Numerous cases of studies found that structural variations can impact larger genomic regions than SNPs. Structural variant (SV) discovery would not only help our understanding of the landscape of genomic variation within and between species but also reveal the functional significance of SVs(Fuentes et al., 2019). In comparison to SVs detection methods that are based on Illumina short reads, the whole assembly-based method can fully recover the SVs in theory but still depend on assembly quality. SVs studies in human(Audano et al., 2019; Huang et al., 2010), and in a wide range of plant species, such as rice(Fuentes et al., 2019), Maize(Mahmoud et al., 2020), tomato(Voichek & Weigel, 2020), andArabidopsis (Voichek & Weigel, 2020) indicate that SVs can affect a large proportion of coding genes. In current study, we detect SVs between the genome assemblies of two Brassica rapa lines and identified a total of 27,190 insertions, 26,002 deletions, 1,368 duplications and 46 medium-sized inversions with size from 5.2Kb to 1,431.6 Kb, and 8,565 complex SVs with imprecise breakpoints between them (Fig. 7). This is the first report of SVs that detect between Brassica genomes using high contiguity genome assemblies. These SVs may affect coding genes that may further contribute to phenotypic variations, such as morphological and phytochemical characteristics.

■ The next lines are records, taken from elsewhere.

lemma induced_iff: "e \<in> induced E A \<longleftrightarrow> e \<in> E \<and> e \<subseteq> A"
  unfolding induced_def by auto

lemma doubleton_in_complement_iff:
  "{x, y} \<in> complement V E \<longleftrightarrow> x \<in> V \<and> y \<in> V \<and> x \<noteq> y \<and> {x, y} \<notin> E"
  unfolding complement_def by (auto simp: card_2_iff)

lemma singleton_notin_complement: "{x} \<notin> complement V E"
  unfolding complement_def by auto

lemma chromatic_num_le_clique_num_if_edges_in_clique:
  assumes "finite V" "\<And>x. {x} \<notin> E" "is_clique V E W" "\<forall>e\<in>E. e \<subseteq> W"
  shows "chromatic_num V E \<le> clique_num V E"
proof (cases "V = {}")
  case True
  then have "is_coloring V E 0 (\<lambda>_. 0)" by (simp add: is_coloring_def)
  then show ?thesis using chromatic_num_le by fastforce
next
  case False
  then obtain w where "w \<in> V" by blast
  then have "is_clique V E {w}" by (simp add: is_clique_def)
  then have "1 \<le> clique_num V E" using card_le_clique_num[OF assms(1)] by fastforce
  moreover have W: "W \<subseteq> V" "finite W"
    using assms(1,3) finite_subset unfolding is_clique_def by auto
  moreover have "card W \<le> clique_num V E" using card_le_clique_num[OF assms(1,3)] .
  moreover obtain h where h: "bij_betw h W {0..<card W}"
    using ex_bij_betw_finite_nat[OF \<open>finite W\<close>] by blast
  have "is_coloring V E (max 1 (card W)) (\<lambda>u. if u \<in> W then h u else 0)"
    unfolding is_coloring_def
  proof (intro conjI ballI impI)
    fix u show "(if u \<in> W then h u else 0) < max 1 (card W)"
      using h bij_betwE by fastforce
  next
    fix x y assume "{x, y} \<in> E"
    then have "x \<in> W" "y \<in> W" "x \<noteq> y" using assms(2,4) by auto
    then show "(if x \<in> W then h x else 0) \<noteq> (if y \<in> W then h y else 0)"
      using h by (metis bij_betw_iff_bijections)
  qed
  ultimately show ?thesis using chromatic_num_le by (metis max.bounded_iff order_trans)
qed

In summary, we report a chromosome-level genome assembly of Chinese flowering cabbage and its accurate gene and TE annotation. The phylogenetic analysis indicates this genome has a closer evolutionary relationship with the AA diploid progenitor of B. juncea . We also found the lineage specific pericentromeric expansion events on the chromosome 5 and 6 of the Brassica AA genome compared to the orthologous genomic regions in the Brassica BB and CC genomes. Finally, we report a large amount of structural variations (SVs) between two B. rapa lines (Z1 and parachinensis ) using high continuity genome assemblies. Overall, our high-quality genome assembly of Chinese flowering cabbage provides a valuable genetic resource for deciphering the genome evolution of Brassica species and it would serve as the reference genome guiding the molecular breeding practice ofB. rapa crops.